In the early days, using picks, shovels, and primitive sluice boxes, miners washed as much gravel as they could manage during short summers. During the winter, they sunk mining shafts along the creeks to reach bedrock and found the thin layer of gold dust and nuggets called a paystreak. By 1906 eighteen men were mining on seven claims on the creek and its tributaries.

Most of the work was done by hand, but one small hydraulic plant was used to blast away at creek-side gravel with pressurized water, and three steam hoists were used to lift buckets of gravel out of mining shafts. In 1935 the Canadian investor General Alexander McRae was scouting for locations for mining on an industrial scale, and with the help of Ernest Patty of the Alaska School of Mines, he selected both Coal Creek and Woodchopper Creek.

Soon the price of gold went on the rise, and McRae’s enormous dredges were doing the work of hundreds of men. By operating non-stop under the midnight sun, McRae’s company, Alluvial Golds, Inc., was processing 3,000 cubic yards of gravel every day and made relatively poor ground pay well.

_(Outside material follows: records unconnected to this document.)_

(* Let $\Omega\subset\mathbb{R}^N$ ($N\ge2$) be a bounded smooth domain, $1<q<2<p$, $a,b\in C^\alpha(\overline\Omega)$, and assume there exists a ball $B$ with $\overline B\subset\Omega$ such that $a\ge0$, $a\not\equiv0$ and $b>0$ on $\overline B$. Then there exist constants $\overline\lambda>0$ and $\epsilon_0>0$ such that for every $\lambda\ge\overline\lambda$ and $\epsilon\in(0,\epsilon_0]$ the problem $-\Delta u=\lambda(b(x)-\epsilon)|u+\epsilon|^{q-2}u+a(x)|u|^{p-2}u$ in $\Omega$, $\frac{\partial u}{\partial\mathbf{n}}=0$ on $\partial\Omega$, has no nontrivial non-negative solution.
   Context: Nontrivial non-negative: $u\ge0$ on $\overline\Omega$, $u\not\equiv0$; solutions are classical. *)

theory Defs
  imports "HOL-Analysis.Analysis"
begin

definition partial_deriv :: "'a::euclidean_space \<Rightarrow> ('a \<Rightarrow> real) \<Rightarrow> 'a \<Rightarrow> real" where
  "partial_deriv i f x = deriv (\<lambda>t. f (x + t *\<^sub>R i)) 0"

text \<open>C-infinity on the whole space: all iterated partial derivatives (along basis
  directions) exist everywhere and are continuous.\<close>
definition smooth_fun :: "('a::euclidean_space \<Rightarrow> real) \<Rightarrow> bool" where
  "smooth_fun f \<longleftrightarrow>
     (\<forall>is. set is \<subseteq> Basis \<longrightarrow>
        continuous_on UNIV (foldr partial_deriv is f) \<and>
        (\<forall>i\<in>Basis. \<forall>x. (\<lambda>t. foldr partial_deriv is f (x + t *\<^sub>R i)) field_differentiable (at 0)))"

definition grad :: "('a::euclidean_space \<Rightarrow> real) \<Rightarrow> 'a \<Rightarrow> 'a" where
  "grad f x = (\<Sum>i\<in>Basis. partial_deriv i f x *\<^sub>R i)"

text \<open>A smooth defining function of a domain: Omega = {phi < 0}, grad phi nonzero on {phi = 0}.
  The outward normal at a boundary point is grad phi / |grad phi|.\<close>
definition defining_function :: "'a::euclidean_space set \<Rightarrow> ('a \<Rightarrow> real) \<Rightarrow> bool" where
  "defining_function \<Omega> \<phi> \<longleftrightarrow> smooth_fun \<phi> \<and> \<Omega> = {x. \<phi> x < 0} \<and>
     (\<forall>x. \<phi> x = 0 \<longrightarrow> grad \<phi> x \<noteq> 0)"

definition bounded_smooth_domain :: "'a::euclidean_space set \<Rightarrow> bool" where
  "bounded_smooth_domain \<Omega> \<longleftrightarrow> open \<Omega> \<and> connected \<Omega> \<and> \<Omega> \<noteq> {} \<and> bounded \<Omega> \<and>
     (\<exists>\<phi>. defining_function \<Omega> \<phi>)"

definition holder_continuous_on :: "real \<Rightarrow> 'a::metric_space set \<Rightarrow> ('a \<Rightarrow> real) \<Rightarrow> bool" where
  "holder_continuous_on \<alpha> S f \<longleftrightarrow> (\<exists>C. \<forall>x\<in>S. \<forall>y\<in>S. \<bar>f x - f y\<bar> \<le> C * dist x y powr \<alpha>)"

text \<open>Classical solution u in C^2(Omega) \<inter> C^1(closure Omega) of
  -Laplace u = F x (u x) in Omega, du/dn = 0 on the boundary.\<close>
definition neumann_classical_solution ::
  "'a::euclidean_space set \<Rightarrow> ('a \<Rightarrow> real \<Rightarrow> real) \<Rightarrow> ('a \<Rightarrow> real) \<Rightarrow> bool" where
  "neumann_classical_solution \<Omega> F u \<longleftrightarrow>
     (\<exists>Du :: 'a \<Rightarrow> 'a. \<exists>D2u :: 'a \<Rightarrow> 'a \<Rightarrow> 'a.
        continuous_on (closure \<Omega>) u \<and>
        continuous_on (closure \<Omega>) Du \<and>
        (\<forall>x\<in>\<Omega>. (u has_derivative (\<lambda>h. Du x \<bullet> h)) (at x)) \<and>
        (\<forall>x\<in>\<Omega>. (Du has_derivative D2u x) (at x)) \<and>
        (\<forall>i\<in>Basis. \<forall>j\<in>Basis. continuous_on \<Omega> (\<lambda>x. D2u x i \<bullet> j)) \<and>
        (\<forall>x\<in>\<Omega>. - (\<Sum>i\<in>Basis. D2u x i \<bullet> i) = F x (u x)) \<and>
        (\<forall>\<phi>. defining_function \<Omega> \<phi> \<longrightarrow> (\<forall>x\<in>frontier \<Omega>. Du x \<bullet> grad \<phi> x = 0)))"

end

theory Submission
  imports Defs
begin

text \<open>
  A nontrivial non-negative solution satisfies -\<Delta>u \<ge> -C u for some constant C, so by the
  strong maximum principle (proved with Hopf's Gaussian barrier) it is positive in \<Omega>.
  On a small ball B(c,\<rho>) around a point where a, b > 0, the right-hand side dominates \<Lambda> u,
  \<Lambda> = 8 N^2 / \<rho>^2, once \<lambda> is large and \<epsilon> small: the convex term a u^(p-1) does so where u
  is large, the concave term \<lambda> (b - \<epsilon>) (u + \<epsilon>)^(q-2) u where u is small. Touching u from
  below by a multiple of the bump exp(-\<alpha> |x-c|^2) - exp(-\<alpha> \<rho>^2) with \<alpha> = N / \<rho>^2 shows that
  no positive function satisfies -\<Delta>u \<ge> \<Lambda> u on that ball.
\<close>

abbreviation trace_op :: "('a::euclidean_space \<Rightarrow> 'a) \<Rightarrow> real" where
  "trace_op D \<equiv> \<Sum>i\<in>Basis. D i \<bullet> i"

section \<open>Second-order conditions at minima\<close>

lemma has_real_derivative_along_line:
  fixes f :: "'a::real_normed_vector \<Rightarrow> real"
  assumes "(f has_derivative f') (at (x + t *\<^sub>R v))"
  shows "((\<lambda>s. f (x + s *\<^sub>R v)) has_real_derivative f' v) (at t)"
proof -
  have "((\<lambda>s. x + s *\<^sub>R v) has_derivative (\<lambda>s. s *\<^sub>R v)) (at t)"
    by (auto intro!: derivative_eq_intros)
  from has_derivative_compose[OF this assms]
  have "((\<lambda>s. f (x + s *\<^sub>R v)) has_derivative (\<lambda>s. f' (s *\<^sub>R v))) (at t)" .
  moreover have "f' (s *\<^sub>R v) = f' v * s" for s
    using linear_cmul[OF has_derivative_linear[OF assms]] by simp
  ultimately show ?thesis
    by (simp add: has_field_derivative_def)
qed

lemma second_derivative_nonneg_at_local_min:
  fixes g k :: "real \<Rightarrow> real"
  assumes e: "0 < e"
    and dg: "\<And>t. \<bar>t\<bar> < e \<Longrightarrow> (g has_real_derivative k t) (at t)"
    and min: "\<And>t. \<bar>t\<bar> < e \<Longrightarrow> g 0 \<le> g t"
    and dk: "(k has_real_derivative c) (at 0)"
  shows "0 \<le> c"
proof (rule ccontr)
  assume "\<not> 0 \<le> c"
  have k0: "k 0 = 0"
    using DERIV_local_min[OF dg[of 0] e] min e by auto
  obtain d where d: "d > 0" "\<And>h. h > 0 \<Longrightarrow> h < d \<Longrightarrow> k (0 + h) < k 0"
    using DERIV_neg_dec_right[OF dk] \<open>\<not> 0 \<le> c\<close> by force
  define t where "t = min d e / 2"
  have t: "0 < t" "t < d" "t < e" using d e by (auto simp: t_def)
  obtain z where z: "0 < z" "z < t" "g t - g 0 = (t - 0) * k z"
    using MVT2[of 0 t g k] t dg by force
  have "k z < 0" using d(2)[of z] z t k0 by simp
  hence "g t < g 0" using z mult_pos_neg[of t "k z"] t by simp
  with min[of t] t show False by simp
qed

lemma derivative_nonneg_at_right_min:
  fixes g :: "real \<Rightarrow> real"
  assumes deriv: "(g has_real_derivative L) (at 0)" and T: "0 < T"
    and min: "\<And>t. 0 < t \<Longrightarrow> t \<le> T \<Longrightarrow> g 0 \<le> g t"
  shows "0 \<le> L"
proof (rule ccontr)
  assume "\<not> 0 \<le> L"
  then obtain \<delta> where \<delta>: "0 < \<delta>" "\<And>h. 0 < h \<Longrightarrow> h < \<delta> \<Longrightarrow> g (0 + h) < g 0"
    using DERIV_neg_dec_right[OF deriv] by force
  define t where "t = min \<delta> T / 2"
  have "0 < t" "t < \<delta>" "t \<le> T" using \<delta>(1) T by (auto simp: t_def)
  with \<delta>(2) min show False by force
qed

The dredge at Woodchopper Creek operated until 1960, when diminishing returns and high operating costs spelled the end of an era. Private interests used the dredge in 1962, and by 1971 Joseph Vogler of Fairbanks purchased the Woodchopper mining claims and continued mining periodically until his death in 1993.

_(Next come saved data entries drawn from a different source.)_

text \<open>
  Expectations over a random subset S of V containing each vertex independently with
  probability p, written as weighted sums over Pow V.
\<close>

lemma sum_subset_weights_superset:
  fixes p :: real
  assumes "finite V" "A \<subseteq> V"
  shows "(\<Sum>S\<in>Pow V. p ^ card S * (1 - p) ^ card (V - S) * of_bool (A \<subseteq> S)) = p ^ card A"
proof -
  define q where "q x = (if x \<in> A then 0 else 1 - p)" for x
  have "(\<Sum>S\<in>Pow V. (\<Prod>x\<in>S. p) * (\<Prod>x\<in>V - S. q x)) = (\<Prod>x\<in>V. p + q x)"
    by (rule prod_add[OF assms(1), symmetric])
  also have "\<dots> = (\<Prod>x\<in>V. if x \<in> A then p else 1)" unfolding q_def by (rule prod.cong) auto
  also have "\<dots> = p ^ card A"
    using assms by (simp add: prod.If_cases Int_absorb1)
  finally have sum: "(\<Sum>S\<in>Pow V. (\<Prod>x\<in>S. p) * (\<Prod>x\<in>V - S. q x)) = p ^ card A" .
  have weight: "(\<Prod>x\<in>V - S. q x) = (1 - p) ^ card (V - S) * of_bool (A \<subseteq> S)" if "S \<in> Pow V" for S
  proof (cases "A \<subseteq> S")
    case True
    then have "(\<Prod>x\<in>V - S. q x) = (\<Prod>x\<in>V - S. 1 - p)" unfolding q_def by (intro prod.cong) auto
    then show ?thesis using True by simp
  next
    case False
    then have "\<exists>x\<in>V - S. q x = 0" using assms(2) unfolding q_def by auto
    then show ?thesis using False assms(1) by (simp add: prod_zero)
  qed
  have "(\<Sum>S\<in>Pow V. p ^ card S * (1 - p) ^ card (V - S) * of_bool (A \<subseteq> S))
      = (\<Sum>S\<in>Pow V. (\<Prod>x\<in>S. p) * (\<Prod>x\<in>V - S. q x))"
    using weight by (intro sum.cong) (simp_all add: mult.assoc)
  then show ?thesis using sum by simp
qed

lemma sum_subset_weights_count:
  fixes p :: real and X :: "'b set" and ends :: "'b \<Rightarrow> 'a set"
  assumes "finite V" "finite X" "\<And>x. x \<in> X \<Longrightarrow> ends x \<subseteq> V \<and> card (ends x) = k"
  shows "(\<Sum>S\<in>Pow V. p ^ card S * (1 - p) ^ card (V - S) * card {x \<in> X. ends x \<subseteq> S}) = p ^ k * card X"
proof -
  have "card {x \<in> X. ends x \<subseteq> S} = (\<Sum>x\<in>X. of_bool (ends x \<subseteq> S) :: real)" for S
    using assms(2) by (simp add: sum.If_cases Int_def)
  then have "(\<Sum>S\<in>Pow V. p ^ card S * (1 - p) ^ card (V - S) * card {x \<in> X. ends x \<subseteq> S})
      = (\<Sum>x\<in>X. \<Sum>S\<in>Pow V. p ^ card S * (1 - p) ^ card (V - S) * of_bool (ends x \<subseteq> S))"
    by (simp add: sum_distrib_left sum.swap[of _ X])
  also have "\<dots> = (\<Sum>x\<in>X. p ^ k)"
  proof (rule sum.cong[OF refl])
    fix x assume "x \<in> X"
    then show "(\<Sum>S\<in>Pow V. p ^ card S * (1 - p) ^ card (V - S) * of_bool (ends x \<subseteq> S)) = p ^ k"
      using sum_subset_weights_superset[OF assms(1), of "ends x" p] assms(3) by simp
  qed
  finally show ?thesis by simp
qed

lemma open_seg_slope:
  assumes "z \<in> open_seg a b"
  shows "slope a z = slope a b" "slope z b = slope a b"
proof -
  have z: "fst a < fst z" "fst z < fst b" "snd z = snd a + slope a b * (fst z - fst a)"
    using assms unfolding open_seg_def line_at_def by auto
  then show "slope a z = slope a b" unfolding slope_def by simp
  have "snd b - snd a = slope a b * (fst b - fst a)" using z(1,2) unfolding slope_def by simp
  then show "slope z b = slope a b" using z unfolding slope_def by (simp add: field_simps)
qed

lemma in_open_seg_if_slope_to_end:
  assumes "fst a < fst c" "fst c < fst b" "slope c b = slope a b"
  shows "c \<in> open_seg a b"
proof -
  have "snd b - snd c = slope a b * (fst b - fst c)" "snd b - snd a = slope a b * (fst b - fst a)"
    using assms unfolding slope_def by (auto simp: field_simps)
  then show ?thesis using assms(1,2) unfolding open_seg_def line_at_def by (auto simp: algebra_simps)
qed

Today the patented claims along Woodchopper Creek exist as a private inholding within Yukon-Charley Rivers National Preserve. The dredge and mining camps are ‘reminders of the ingenuity and grit of placer miners’ along the Yukon River. The Yukon-Charley Rivers National Preserve was created in part to preserve the history of the Klondike-Alaska Gold Rush and gold mining in the region. Between Eagle and Circle, along the Yukon River, visitors can view evidence of past gold mining. Mining camps with their primitive log cabins and tools of the trade, including sluice boxes, tailings piles, hydraulic pipe, steam boilers, drilling rigs, and earth-moving equipment, dot the riverbanks. From the air over Coal Creek and Woodchopper Creek, one can also see the gold dredges with their neatly piled tailings, telltale signs of past dredge mining operations. These relics of the Klondike-Alaska Gold Rush serve as reminders of an era past and the power of mining to transform the landscape.